Ali changes a little, like her words are a code of some kind. His back straightens, his chin rises, and he begins thanking her for the incredible privilege of being with our family. My mother responds in the same way as we make our introductions. Formal. Proper. Yet nice, expected. Even Grandpa limps over to shake the young Kuwaiti’s hand. He doesn’t say anything, but he changes. We all do, in the same way, like finding a lost routine, reclaiming some comfort in the meeting of a new person. Even the small talk feels good, which is weird.

— But I have to apologize too – I’m not a refugee, Ali says.

— Mrs. Epping said –

Ali laughs quietly and explains how one of his classmates at college – Mrs. Epping’s son – overheard him talking about having to stay over Christmas rather than returning home. They must have mistaken Kuwait for another country and not heard him talk about how his government allocates some of its oil wealth to educate its youth, paying for tuition and living expenses wherever in the world they choose to study. That must be nice, I think. To never need anything.

— I’m here by choice, and with everything completely paid for, he says.

— They didn’t hear you, Mom says.

— It kind of got away from me, so the next thing I know I’m signed up for Christmas dinner with you.

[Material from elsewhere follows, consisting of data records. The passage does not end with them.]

lemma mult_neg_part_ln_powr_div_le:
  fixes x s Z :: real
  assumes "0 \<le> x" "0 < s" "s \<le> 1" "0 < Z"
  shows "x * max 0 (- ln (x powr s / Z)) \<le> Z powr (1 / s) * \<bar>ln Z\<bar> + 1"
proof (cases "0 < x \<and> x powr s < Z")
  case False
  then have "x * max 0 (- ln (x powr s / Z)) = 0"
    using assms by (auto simp: not_less)
  moreover have "0 \<le> Z powr (1 / s) * \<bar>ln Z\<bar>" by simp
  ultimately show ?thesis by linarith
next
  case True
  then have "0 < x" and "x powr s < Z" by auto
  have "x = (x powr s) powr (1 / s)"
    using \<open>0 < x\<close> assms by (simp add: powr_powr)
  also have "\<dots> < Z powr (1 / s)"
    using \<open>x powr s < Z\<close> \<open>0 < x\<close> assms by (intro powr_less_mono2) auto
  finally have "x < Z powr (1 / s)" .
  have "ln (x powr s) < ln Z"
    using \<open>x powr s < Z\<close> \<open>0 < x\<close> assms by (subst ln_less_cancel_iff) auto
  then have "s * ln x < ln Z"
    using \<open>0 < x\<close> by simp
  then have "x * max 0 (- ln (x powr s / Z)) = x * ln Z + s * (- (x * ln x))"
    using \<open>0 < x\<close> assms by (simp add: ln_div algebra_simps)
  also have "\<dots> \<le> Z powr (1 / s) * \<bar>ln Z\<bar> + 1"
  proof -
    have "x * ln Z \<le> x * \<bar>ln Z\<bar>"
      using \<open>0 < x\<close> by (intro mult_left_mono) auto
    also have "\<dots> \<le> Z powr (1 / s) * \<bar>ln Z\<bar>"
      using \<open>x < Z powr (1 / s)\<close> by (intro mult_right_mono) auto
    finally have "x * ln Z \<le> Z powr (1 / s) * \<bar>ln Z\<bar>" .
    moreover have "s * (- (x * ln x)) \<le> 1"
    proof (cases "0 \<le> - (x * ln x)")
      case True
      then show ?thesis
        using mult_ln_ge_minus_one[of x] \<open>0 < x\<close> assms by (intro mult_le_one) auto
    next
      case False
      then show ?thesis
        using assms mult_nonneg_nonpos[of s "- (x * ln x)"] by linarith
    qed
    ultimately show ?thesis by simp
  qed
  finally show ?thesis .
qed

Everyone laughs, even my father. Now, I know you can’t just erase the bad with a moment of good, but I don’t want this good one to end for a long time. The air seems different, like we’re finally breathing the clean stuff after so long with the bad. Ali responds very politely to all of our questions about his homeland, even when we ask if he’s homesick. He says he feels it all the time, but that he will go home after the special round of projects that is keeping him around over the holidays.

— Speaking of home, this is for you, he says, bowing slightly and offering the small cloth package to her with both hands.

Mom takes the package softly, and begins to untie it. The green, red, and black covering looks like silk. With each layer revealed, a lovely smell, like perfume, gets stronger and stronger. Finally, two small boxes are revealed, one with a photo on the front that looks like a small brass lamp, the other plain and covered in a strange script.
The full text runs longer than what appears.